[Records for the exercise — start]
lemma me_fun_has_real_derivative:
  assumes T: "T \<in> carrier_mat n n" and a: "a \<in> carrier_vec n" and v: "v \<in> carrier_vec n"
  shows "(me_fun a T v has_real_derivative me_fun a T (T *\<^sub>v v) x) (at x)"
proof -
  define c where "c w k = (a \<bullet> ((T ^\<^sub>m k) *\<^sub>v w)) / fact k" for w k
  have me: "me_fun a T w = (\<lambda>x. \<Sum>k. c w k * x ^ k)" if "w \<in> carrier_vec n" for w
    using me_fun_sums[OF T a that] unfolding c_def by (auto simp: sums_iff)
  have "diffs (c v) = c (T *\<^sub>v v)"
  proof
    fix k
    have "(T ^\<^sub>m Suc k) *\<^sub>v v = (T ^\<^sub>m k) *\<^sub>v (T *\<^sub>v v)"
      using T v by (simp add: assoc_mult_mat_vec[of _ n n _ n])
    then show "diffs (c v) k = c (T *\<^sub>v v) k"
      unfolding diffs_def c_def fact_Suc of_nat_mult by simp
  qed
  moreover have "summable (\<lambda>k. c v k * y ^ k)" for y
    using me_fun_sums[OF T a v] unfolding c_def by (auto simp: sums_iff)
  ultimately show ?thesis
    using termdiffs_strong_converges_everywhere[of "c v" x] me[OF v] me[of "T *\<^sub>v v"] T v
    by simp
qed

lemma me_fun_exp_decay:
  assumes T: "T \<in> carrier_mat n n" and a: "a \<in> carrier_vec n" and v: "v \<in> carrier_vec n"
    and hT: "hurwitz_mat T"
  obtains C \<epsilon> where "0 < \<epsilon>" "\<And>x. 0 \<le> x \<Longrightarrow> \<bar>me_fun a T v x\<bar> \<le> C * exp (- \<epsilon> * x)"
proof -
  obtain C \<epsilon> where \<epsilon>: "0 < \<epsilon>"
    and C: "\<And>x i j. 0 \<le> x \<Longrightarrow> i < n \<Longrightarrow> j < n \<Longrightarrow> \<bar>mat_exp (x \<cdot>\<^sub>m T) $$ (i,j)\<bar> \<le> C * exp (- \<epsilon> * x)"
    by (rule mat_exp_entry_decay[OF T hT]) auto
  define K where "K = (\<Sum>i<n. \<Sum>j<n. \<bar>a $ i\<bar> * \<bar>v $ j\<bar>)"
  have bound: "\<bar>me_fun a T v x\<bar> \<le> K * C * exp (- \<epsilon> * x)" if x: "0 \<le> x" for x
  proof -
    have "\<bar>me_fun a T v x\<bar> \<le> (\<Sum>i<n. \<Sum>j<n. \<bar>a $ i\<bar> * \<bar>mat_exp (x \<cdot>\<^sub>m T) $$ (i,j)\<bar> * \<bar>v $ j\<bar>)"
      unfolding me_fun_eq_sum[OF T a v]
      by (rule order_trans[OF sum_abs sum_mono[OF order_trans[OF sum_abs]]]) (simp add: abs_mult)
    also have "\<dots> \<le> (\<Sum>i<n. \<Sum>j<n. \<bar>a $ i\<bar> * (C * exp (- \<epsilon> * x)) * \<bar>v $ j\<bar>)"
      using C x by (intro sum_mono mult_right_mono mult_left_mono) auto
    also have "\<dots> = K * C * exp (- \<epsilon> * x)"
      unfolding K_def by (simp add: sum_distrib_left sum_distrib_right mult_ac)
    finally show ?thesis .
  qed
  show ?thesis by (rule that[OF \<epsilon> bound])
qed

lemma hurwitz_mat_det_nonzero:
  assumes T: "T \<in> carrier_mat n n" and hT: "hurwitz_mat T"
  shows "det T \<noteq> 0"
proof
  assume "det T = 0"
  define Tc where "Tc = map_mat complex_of_real T"
  have Tc: "Tc \<in> carrier_mat n n" unfolding Tc_def using T by simp
  have "det Tc = 0" unfolding Tc_def of_real_hom.hom_det \<open>det T = 0\<close> by simp
  then obtain v where v: "v \<in> carrier_vec n" "v \<noteq> 0\<^sub>v n" "Tc *\<^sub>v v = 0\<^sub>v n"
    using det_0_iff_vec_prod_zero[OF Tc] by blast
  then have "Tc *\<^sub>v v = 0 \<cdot>\<^sub>v v" by (intro eq_vecI) auto
  then have "eigenvalue Tc 0"
    unfolding eigenvalue_def eigenvector_def using v Tc by auto
  then show False using hT unfolding hurwitz_mat_def Tc_def by fastforce
qed

lemma minv_eqI:
  assumes A: "A \<in> carrier_mat n n" and B: "B \<in> carrier_mat n n"
    and AB: "A * B = 1\<^sub>m n" and BA: "B * A = 1\<^sub>m n"
  shows "minv A = B"
  unfolding minv_def
proof (rule the_equality)
  fix C assume C: "C \<in> carrier_mat (dim_row A) (dim_row A) \<and> A * C = 1\<^sub>m (dim_row A) \<and> C * A = 1\<^sub>m (dim_row A)"
  then have C: "C \<in> carrier_mat n n" and CA: "C * A = 1\<^sub>m n" using A by auto
  have "C = C * (A * B)" using C AB by simp
  also have "\<dots> = (C * A) * B" using A B C by (simp add: assoc_mult_mat[of _ n n _ n _ n])
  finally show "C = B" using B CA by simp
qed (use A B AB BA in simp)

lemma hurwitz_mat_minv_neg:
  assumes T: "T \<in> carrier_mat n n" and hT: "hurwitz_mat T"
  shows "minv (- T) \<in> carrier_mat n n" and "T * minv (- T) = - 1\<^sub>m n"
proof -
  obtain B where B: "B \<in> carrier_mat n n" "B * T = 1\<^sub>m n" "T * B = 1\<^sub>m n"
    using det_non_zero_imp_unit[OF T hurwitz_mat_det_nonzero[OF T hT]]
    unfolding Units_def ring_mat_def by auto
  have "minv (- T) = - B"
    using T B by (intro minv_eqI[of _ n]) auto
  then show "minv (- T) \<in> carrier_mat n n" and "T * minv (- T) = - 1\<^sub>m n"
    using T B by auto
qed

lemma dim_me_row:
  assumes "T \<in> carrier_mat n n"
  shows "dim_vec (me_row a T x) = n"
  using assms unfolding me_row_def row_mult_def mat_exp_def by simp

lemma me_fun_minv_has_real_derivative:
  assumes T: "T \<in> carrier_mat n n" and a: "a \<in> carrier_vec n" and v: "v \<in> carrier_vec n"
    and hT: "hurwitz_mat T"
  shows "((\<lambda>x. - me_fun a T (minv (- T) *\<^sub>v v) x) has_real_derivative me_fun a T v x) (at x)"
proof -
  note N = hurwitz_mat_minv_neg[OF T hT]
  have "T *\<^sub>v (minv (- T) *\<^sub>v v) = - v"
    using T v N by (simp flip: assoc_mult_mat_vec[of _ n n _ n])
  then have "me_fun a T (T *\<^sub>v (minv (- T) *\<^sub>v v)) x = - me_fun a T v x"
    using dim_me_row[OF T] v unfolding me_fun_def by simp
  then show ?thesis
    using DERIV_minus[OF me_fun_has_real_derivative[OF T a mult_mat_vec_carrier[OF N(1) v], of x]]
    by simp
qed

section \<open>Truncated moments\<close>

lemma lborel_integral_greaterThan_FTC:
  fixes f F :: "real \<Rightarrow> real"
  assumes deriv: "\<And>x. (F has_real_derivative f x) (at x)" and cont: "\<And>x. isCont f x"
    and int: "integrable lborel (\<lambda>x. indicator {z<..} x * f x)"
    and lim: "(F \<longlongrightarrow> 0) at_top"
  shows "(\<integral>x. indicator {z<..} x * f x \<partial>lborel) = - F z"
proof -
  have "(LBINT x=ereal z..\<infinity>. f x) = 0 - F z"
  proof (rule interval_integral_FTC_integrable)
    show "(F has_vector_derivative f x) (at x)" for x
      using deriv[of x] by (simp add: has_real_derivative_iff_has_vector_derivative)
    show "set_integrable lborel (einterval (ereal z) \<infinity>) f"
      using int by (simp add: set_integrable_def einterval_iff greaterThan_def)
    have "(F \<longlongrightarrow> F z) (at_right z)"
      using DERIV_isCont[OF deriv] by (simp add: isCont_def filterlim_at_split)
    then show "((F \<circ> real_of_ereal) \<longlongrightarrow> F z) (at_right (ereal z))"
      by (simp add: ereal_tendsto_simps)
    show "((F \<circ> real_of_ereal) \<longlongrightarrow> 0) (at_left \<infinity>)"
      using lim by (simp add: ereal_tendsto_simps)
  qed (use cont in auto)
  then show ?thesis
    unfolding interval_integral_to_infinity_eq set_lebesgue_integral_def by simp
qed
[Records for the exercise — finish]
Try it
Your answer is to contain exactly the lines from the one holding "section \<open>Truncated moments\<close>" to the end of the entries, with no other line.

Answer box
section \<open>Truncated moments\<close>

lemma lborel_integral_greaterThan_FTC:
  fixes f F :: "real \<Rightarrow> real"
  assumes deriv: "\<And>x. (F has_real_derivative f x) (at x)" and cont: "\<And>x. isCont f x"
    and int: "integrable lborel (\<lambda>x. indicator {z<..} x * f x)"
    and lim: "(F \<longlongrightarrow> 0) at_top"
  shows "(\<integral>x. indicator {z<..} x * f x \<partial>lborel) = - F z"
proof -
  have "(LBINT x=ereal z..\<infinity>. f x) = 0 - F z"
  proof (rule interval_integral_FTC_integrable)
    show "(F has_vector_derivative f x) (at x)" for x
      using deriv[of x] by (simp add: has_real_derivative_iff_has_vector_derivative)
    show "set_integrable lborel (einterval (ereal z) \<infinity>) f"
      using int by (simp add: set_integrable_def einterval_iff greaterThan_def)
    have "(F \<longlongrightarrow> F z) (at_right z)"
      using DERIV_isCont[OF deriv] by (simp add: isCont_def filterlim_at_split)
    then show "((F \<circ> real_of_ereal) \<longlongrightarrow> F z) (at_right (ereal z))"
      by (simp add: ereal_tendsto_simps)
    show "((F \<circ> real_of_ereal) \<longlongrightarrow> 0) (at_left \<infinity>)"
      using lim by (simp add: ereal_tendsto_simps)
  qed (use cont in auto)
  then show ?thesis
    unfolding interval_integral_to_infinity_eq set_lebesgue_integral_def by simp
qed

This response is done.